Welcome to re:Virals, The Haiku Foundation’s weekly poem commentary feature on some of the finest haiku ever written in English. This week’s poem was

     scratches where driftwood dragged the coldest month
          — Jim Kacian, A Hundred Gourds 1.1 (2011)

Lorin Ford has this to say about her own selection:

Time after time, this haiku most immediately impresses itself on me with its sheer physicality: bodily sensations of the sharpness of those scratches, followed by weight and icy cold. On the technical, wordsmithing level these bodily sensations are partly evoked and certainly enhanced by sound, notably the play of assonance between the paired vowels of ‘scratches/ dragged’ and ‘coldest/month’ and alliteration of the first two sounds in ‘driftwood dragged’. Sound enacts meaning here. For instance, how short and sharp is the a sound in ‘scratches’ compared with its partner in ‘dragged’, which is dragged out by the following hard g sound.

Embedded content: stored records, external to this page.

lemma W1_lower_bounds:
  fixes h :: "'a::{metric_space, second_countable_topology} \<Rightarrow> real"
  assumes \<mu>: "prob_space \<mu>" "sets \<mu> = sets borel" "integrable \<mu> (\<lambda>y. dist w y)"
    and \<nu>: "prob_space \<nu>" "sets \<nu> = sets borel" "integrable \<nu> (\<lambda>y. dist w y)"
  shows W1_nonneg: "0 \<le> W1 \<mu> \<nu>"
    and lipschitz_integral_diff_le_W1:
      "C-lipschitz_on UNIV h \<Longrightarrow> \<bar>(\<integral>y. h y \<partial>\<mu>) - (\<integral>y. h y \<partial>\<nu>)\<bar> \<le> C * W1 \<mu> \<nu>"
proof -
  let ?S = "{(\<integral>p. dist (fst p) (snd p) \<partial>\<xi>) | \<xi>.
       coupling \<xi> \<mu> \<nu> \<and> integrable \<xi> (\<lambda>p. dist (fst p) (snd p))}"
  have W1: "W1 \<mu> \<nu> = Inf ?S" by (simp add: W1_def)
  have "(\<integral>p. dist (fst p) (snd p) \<partial>(\<mu> \<Otimes>\<^sub>M \<nu>)) \<in> ?S"
    using coupling_pair_measure[OF \<mu>(1,2) \<nu>(1,2)] integrable_dist_pair_measure[OF \<mu> \<nu>] by blast
  then have nonempty: "?S \<noteq> {}" by blast
  show "0 \<le> W1 \<mu> \<nu>"
    unfolding W1 using nonempty by (intro cInf_greatest) auto
  assume h: "C-lipschitz_on UNIV h"
  have cost: "\<bar>(\<integral>y. h y \<partial>\<mu>) - (\<integral>y. h y \<partial>\<nu>)\<bar> \<le> C * s" if "s \<in> ?S" for s
  proof -
    from that obtain \<xi> where s: "s = (\<integral>p. dist (fst p) (snd p) \<partial>\<xi>)" and \<xi>: "coupling \<xi> \<mu> \<nu>"
      and cost: "integrable \<xi> (\<lambda>p. dist (fst p) (snd p))" by blast
    note marginals = coupling_marginal_integrals[OF \<xi> borel_measurable_lipschitz[OF h]
        integrable_lipschitz[OF h prob_space.finite_measure[OF \<mu>(1)] \<mu>(2,3)]
        integrable_lipschitz[OF h prob_space.finite_measure[OF \<nu>(1)] \<nu>(2,3)]]
    have "(\<integral>y. h y \<partial>\<mu>) - (\<integral>y. h y \<partial>\<nu>) = (\<integral>p. h (fst p) - h (snd p) \<partial>\<xi>)"
      using marginals by simp
    also have "\<bar>\<dots>\<bar> \<le> (\<integral>p. \<bar>h (fst p) - h (snd p)\<bar> \<partial>\<xi>)"
      by (rule integral_abs_bound)
    also have "\<dots> \<le> (\<integral>p. C * dist (fst p) (snd p) \<partial>\<xi>)"
      using marginals cost lipschitz_onD[OF h] by (intro integral_mono) (auto simp: dist_real_def)
    finally show ?thesis by (simp add: s)
  qed
  show "\<bar>(\<integral>y. h y \<partial>\<mu>) - (\<integral>y. h y \<partial>\<nu>)\<bar> \<le> C * W1 \<mu> \<nu>"
  proof (cases "C = 0")
    case True
    then show ?thesis using cost nonempty by auto
  next
    case False
    then have "0 < C" using lipschitz_on_nonneg[OF h] by simp
    then have "\<bar>(\<integral>y. h y \<partial>\<mu>) - (\<integral>y. h y \<partial>\<nu>)\<bar> / C \<le> Inf ?S"
      using cost nonempty by (intro cInf_greatest) (auto simp: divide_le_eq mult.commute)
    then show ?thesis using \<open>0 < C\<close> by (simp add: W1 divide_le_eq mult.commute)
  qed
qed

lemma integral_bind_nonneg:
  fixes g :: "'b \<Rightarrow> real"
  assumes N: "N \<in> M \<rightarrow>\<^sub>M subprob_algebra B" and M: "space M \<noteq> {}"
    and g: "g \<in> borel_measurable B" and nonneg: "\<And>y. 0 \<le> g y"
    and integrable_N: "\<And>x. integrable (N x) g"
    and integrable_M: "integrable M (\<lambda>x. \<integral>y. g y \<partial>N x)"
  shows "integrable (M \<bind> N) g" "(\<integral>y. g y \<partial>(M \<bind> N)) = (\<integral>x. (\<integral>y. g y \<partial>N x) \<partial>M)"
proof -
  have g': "g \<in> borel_measurable (M \<bind> N)"
    using g sets_bind_measurable[OF N M] by (simp cong: measurable_cong_sets)
  have "(\<integral>\<^sup>+y. g y \<partial>(M \<bind> N)) = (\<integral>\<^sup>+x. (\<integral>\<^sup>+y. g y \<partial>N x) \<partial>M)"
    using g by (intro nn_integral_bind[OF _ N]) measurable
  also have "\<dots> = (\<integral>\<^sup>+x. ennreal (\<integral>y. g y \<partial>N x) \<partial>M)"
    using integrable_N nonneg by (intro nn_integral_cong nn_integral_eq_integral) auto
  also have "\<dots> = ennreal (\<integral>x. (\<integral>y. g y \<partial>N x) \<partial>M)"
    using integrable_M nonneg by (intro nn_integral_eq_integral) (auto intro: Bochner_Integration.integral_nonneg)
  finally have nn: "(\<integral>\<^sup>+y. g y \<partial>(M \<bind> N)) = ennreal (\<integral>x. (\<integral>y. g y \<partial>N x) \<partial>M)" .
  show "integrable (M \<bind> N) g"
    using g' nonneg nn by (intro integrableI_nn_integral_finite) auto
  show "(\<integral>y. g y \<partial>(M \<bind> N)) = (\<integral>x. (\<integral>y. g y \<partial>N x) \<partial>M)"
    using g' nonneg nn by (subst integral_eq_nn_integral)
      (auto intro: Bochner_Integration.integral_nonneg)
qed

lemma tendsto_integral_min_power:
  fixes f :: "'b \<Rightarrow> real"
  assumes \<mu>: "finite_measure \<mu>" and f: "f \<in> borel_measurable \<mu>" "\<And>z. 0 \<le> f z"
    and \<rho>: "0 \<le> \<rho>" "\<rho> < 1" and R: "0 \<le> R"
  shows "(\<lambda>n. \<integral>z. min (\<rho> ^ n * f z) R \<partial>\<mu>) \<longlonglongrightarrow> 0"
proof -
  have "(\<lambda>n. \<integral>z. min (\<rho> ^ n * f z) R \<partial>\<mu>) \<longlonglongrightarrow> (\<integral>z. 0 \<partial>\<mu>)"
  proof (rule integral_dominated_convergence[where w = "\<lambda>_. R"])
    show "integrable \<mu> (\<lambda>_. R)" using \<mu> by (rule finite_measure.integrable_const)
    have "(\<lambda>n. min (\<rho> ^ n * f z) R) \<longlonglongrightarrow> min (0 * f z) R" for z
      using \<rho> by (intro tendsto_min tendsto_mult_right LIMSEQ_power_zero tendsto_const) simp
    then show "AE z in \<mu>. (\<lambda>n. min (\<rho> ^ n * f z) R) \<longlonglongrightarrow> 0"
      using R by simp
    show "AE z in \<mu>. norm (min (\<rho> ^ n * f z) R) \<le> R" for n
      using f(2) \<rho> R by (intro AE_I2) (simp add: abs_le_iff)
  qed (use f in simp_all)
  then show ?thesis by simp
qed

lemma abs_average_diff_le:
  fixes a e :: "'i \<Rightarrow> real"
  assumes K: "card K = T" "0 < T" and bound: "\<And>k. k \<in> K \<Longrightarrow> \<bar>a k - b\<bar> \<le> e k"
  shows "\<bar>(1 / real T) * (\<Sum>k\<in>K. a k) - b\<bar> \<le> (1 / real T) * (\<Sum>k\<in>K. e k)"
proof -
  have "(1 / real T) * (\<Sum>k\<in>K. a k) - b = (1 / real T) * (\<Sum>k\<in>K. a k - b)"
    using K by (simp add: sum_subtractf field_simps)
  also have "\<bar>\<dots>\<bar> = (1 / real T) * \<bar>\<Sum>k\<in>K. a k - b\<bar>"
    by (simp add: abs_mult)
  also have "\<dots> \<le> (1 / real T) * (\<Sum>k\<in>K. \<bar>a k - b\<bar>)"
    by (intro mult_left_mono sum_abs) simp
  also have "\<dots> \<le> (1 / real T) * (\<Sum>k\<in>K. e k)"
    using bound by (intro mult_left_mono sum_mono) auto
  finally show ?thesis .
qed

lemma sum_power_le_geometric:
  fixes \<rho> :: real
  assumes "0 \<le> \<rho>" "\<rho> < 1"
  shows "(\<Sum>k = m..n. \<rho> ^ k) \<le> \<rho> ^ m / (1 - \<rho>)"
proof (cases "m \<le> n")
  case True
  then have "(1 - \<rho>) * (\<Sum>k = m..n. \<rho> ^ k) \<le> \<rho> ^ m"
    using assms by (simp add: sum_gp_multiplied)
  then show ?thesis using assms by (simp add: le_divide_eq mult.commute)
qed (use assms in simp)
lemma chromatic_number_le_if_square_free:
  assumes "X \<subseteq> C" and no_square: "\<forall>u\<in>X. \<forall>v\<in>X. \<not> square_edge E bs u v"
  shows "chromatic_number E X \<le> \<tau>"
proof (cases "X = {}")
  case False
  then obtain x where x: "x \<in> X" by blast
  have XV: "X \<subseteq> V" using assms(1) C_subset_V by blast
  have smaller: "card K < clique_number E V" if K: "K \<subseteq> X" "clique E K" for K
  proof (cases "K = {}")
    case True
    have "card {x} \<le> clique_number E V"
      using x XV by (intro card_le_clique_number[OF finite_V]) (auto simp: clique_def)
    then show ?thesis using True by simp
  next
    case False
    obtain b where b: "b \<in> V - K" "\<forall>u\<in>K. E b u"
      using square_free_clique_common_parent[of K] K no_square assms(1) False by blast
    then have "clique E (insert b K)"
      using K(2) symp_E unfolding clique_def symp_def by blast
    then have "card (insert b K) \<le> clique_number E V"
      using b K(1) XV by (intro card_le_clique_number[OF finite_V]) auto
    then show ?thesis using b(1) finite_subset[OF K(1) finite_if_subset_V[OF XV]] by simp
  qed
  obtain K where "K \<subseteq> X" "clique E K" "card K = clique_number E X"
    using clique_number_attained[OF finite_if_subset_V[OF XV]] by blast
  then have "clique_number E X < clique_number E V" using smaller by metis
  then show ?thesis using \<tau>_bound XV by blast
qed simp

lemma \<tau>_pos: "C \<noteq> {} \<Longrightarrow> 0 < \<tau>"
proof -
  assume "C \<noteq> {}"
  then obtain v where v: "v \<in> C" by blast
  have "\<not> square_edge E bs v v" using irreflpD[OF irreflp_E] unfolding square_edge_def by blast
  then have "chromatic_number E {v} \<le> \<tau>"
    using v by (intro chromatic_number_le_if_square_free) auto
  moreover have "0 < chromatic_number E {v}"
    using chromatic_number_pos[OF _ irreflp_E] by simp
  ultimately show ?thesis by simp
qed

end

section \<open>Grades and configurations\<close>

locale graded_cover = covered_graph V E B C bs \<tau> for V :: "'a set" and E B C bs \<tau> +
  fixes Ws :: "'a set list" and w \<rho> :: nat
  assumes grading: "is_grading Ws C" and w_colourable: "grading_colourable E Ws w"
    and two_le_\<rho>: "2 \<le> \<rho>"
begin

abbreviation \<kappa> :: nat where "\<kappa> \<equiv> local_chi V E \<rho>"

definition grade :: "'a \<Rightarrow> nat" where
  "grade x = (LEAST i. i < length Ws \<and> x \<in> Ws ! i)"

lemma grade:
  assumes "x \<in> C"
  shows "grade x < length Ws" "x \<in> Ws ! grade x"
proof -
  have "\<exists>i. i < length Ws \<and> x \<in> Ws ! i"
    using grading assms unfolding is_grading_def by (metis UnionE in_set_conv_nth)
  from LeastI_ex[OF this] show "grade x < length Ws" "x \<in> Ws ! grade x"
    unfolding grade_def by blast+
qed

lemma grading_earlier_if_grade_less:
  "u \<in> C \<Longrightarrow> v \<in> C \<Longrightarrow> grade u < grade v \<Longrightarrow> grading_earlier Ws u v"
  unfolding grading_earlier_def using grade by blast

lemma chromatic_number_same_grade_le:
  assumes "X \<subseteq> C" "\<forall>x\<in>X. grade x = i" "i < length Ws"
  shows "chromatic_number E X \<le> w"
proof -
  have "X \<subseteq> Ws ! i"
  proof
    fix x assume "x \<in> X"
    then show "x \<in> Ws ! i" using grade(2)[of x] assms(1,2) by auto
  qed
  moreover have "Ws ! i \<subseteq> V"
    using grading assms(3) C_subset_V unfolding is_grading_def by (metis Union_upper nth_mem order_trans)
  ultimately have "chromatic_number E X \<le> chromatic_number E (Ws ! i)" by (rule chromatic_number_mono_V)
  moreover have "chromatic_number E (Ws ! i) \<le> w"
    using w_colourable assms(3) unfolding grading_colourable_def by blast
  ultimately show ?thesis by linarith
qed

lemma w_pos: "C \<noteq> {} \<Longrightarrow> 0 < w"
proof -
  assume "C \<noteq> {}"
  then obtain v where v: "v \<in> C" by blast
  then have "chromatic_number E {v} \<le> w"
    using grade(1) by (intro chromatic_number_same_grade_le) auto
  moreover have "0 < chromatic_number E {v}"
    using chromatic_number_pos[OF _ irreflp_E] by simp
  ultimately show ?thesis by simp
qed

definition above :: "nat \<Rightarrow> 'a set" where
  "above j = {x \<in> C. j < grade x}"

lemma above_subset_C: "above j \<subseteq> C"
  unfolding above_def by blast

definition configuration :: "nat \<Rightarrow> bool" where
  "configuration \<theta> \<longleftrightarrow> (\<exists>p1 p2 j Z. p1 \<in> C \<and> p2 \<in> C \<and> square_edge E bs p1 p2
     \<and> grade p1 \<le> j \<and> grade p2 \<le> j \<and> Z \<subseteq> above j \<and> connected_set E Z
     \<and> has_neighbour_in E p2 Z \<and> \<not> has_neighbour_in E p1 Z \<and> \<theta> < chromatic_number E Z)"

context
  fixes \<theta> :: nat
  assumes no_configuration: "\<not> configuration \<theta>"
begin

definition rich_at :: "'a \<Rightarrow> nat \<Rightarrow> bool" where
  "rich_at x j \<longleftrightarrow> (\<exists>D. D \<subseteq> above j \<and> connected_set E D \<and> has_neighbour_in E x D
     \<and> \<theta> + \<kappa> < chromatic_number E D)"

lemma rich_at_less_length: "rich_at x j \<Longrightarrow> j < length Ws"
proof -
  assume "rich_at x j"
  then obtain D where "D \<subseteq> above j" "D \<noteq> {}"
    unfolding rich_at_def using connected_set_nonempty by blast
  then obtain z where "z \<in> C" "j < grade z" unfolding above_def by blast
  then show ?thesis using grade(1) by (meson less_trans)
qed

definition last_rich :: "'a \<Rightarrow> nat" where
  "last_rich x = (GREATEST j. rich_at x j)"

lemma last_rich:
  assumes "rich_at x j"
  shows "rich_at x (last_rich x)" "j \<le> last_rich x"
proof -
  have bound: "\<And>i. rich_at x i \<Longrightarrow> i \<le> length Ws" using rich_at_less_length less_imp_le by blast
  show "rich_at x (last_rich x)" unfolding last_rich_def by (rule GreatestI_nat[where P = "rich_at x", OF assms bound])
  show "j \<le> last_rich x" unfolding last_rich_def by (rule Greatest_le_nat[where P = "rich_at x", OF assms bound])
qed

definition Rich :: "'a set" where
  "Rich = {x \<in> C. rich_at x (grade x)}"

lemma RichD:
  assumes "x \<in> Rich"
  shows "x \<in> C" "rich_at x (last_rich x)" "grade x \<le> last_rich x"
  using assms last_rich unfolding Rich_def by auto

lemma last_rich_eq_if_square_edge:
  assumes u: "u \<in> Rich" and v: "v \<in> Rich" and sq: "square_edge E bs u v"
  shows "last_rich u = last_rich v"
proof -
  have "\<not> last_rich u < last_rich v" if u: "u \<in> Rich" and v: "v \<in> Rich" and sq: "square_edge E bs u v"
    for u v
  proof
    assume lt: "last_rich u < last_rich v"
    obtain D where D: "D \<subseteq> above (last_rich v)" "connected_set E D" "has_neighbour_in E v D"
        "\<theta> + \<kappa> < chromatic_number E D"
      using RichD(2)[OF v] unfolding rich_at_def by blast
    have "\<not> has_neighbour_in E u D"
    proof
      assume "has_neighbour_in E u D"
      then have "rich_at u (last_rich v)" using D unfolding rich_at_def by blast
      then show False using last_rich(2) lt by fastforce
    qed
    then have "configuration \<theta>"
      unfolding configuration_def using RichD[OF u] RichD[OF v] lt sq D
      by (intro exI[of _ u] exI[of _ v] exI[of _ "last_rich v"] exI[of _ D]) auto
    then show False using no_configuration by blast
  qed
  then show ?thesis using assms square_edge_sym by (meson linorder_neqE_nat)
qed

definition square_step :: "nat \<Rightarrow> 'a \<Rightarrow> 'a \<Rightarrow> bool" where
  "square_step t a b \<longleftrightarrow> a \<in> C \<and> b \<in> C \<and> grade a \<le> t \<and> grade b \<le> t \<and> square_edge E bs a b"

lemma square_step_reach_sym: "(square_step t)\<^sup>*\<^sup>* a b \<Longrightarrow> (square_step t)\<^sup>*\<^sup>* b a"
proof -
  have "symp (square_step t)" unfolding square_step_def symp_def using square_edge_sym by blast
  then show "(square_step t)\<^sup>*\<^sup>* a b \<Longrightarrow> (square_step t)\<^sup>*\<^sup>* b a" by (rule sympD[OF symp_rtranclp])
qed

Then the visual sense kicks in: nothing is moving (the verb is in past tense,) all is still, frozen in place and time. The driftwood, for me, is still there in the vicinity of a frozen lake, and its shadow is as black as its drag marks, as in a photograph, a black and white photograph, sharply focused. A photograph, it springs to mind, that might’ve been taken by Ansel Adams.

Hang on, some readers might be thinking, isn’t a sharply focused photograph realistic, an example of realism? And this haiku by the author of the essay, ‘Realism is Dead’? Consider Adams’ photographs again.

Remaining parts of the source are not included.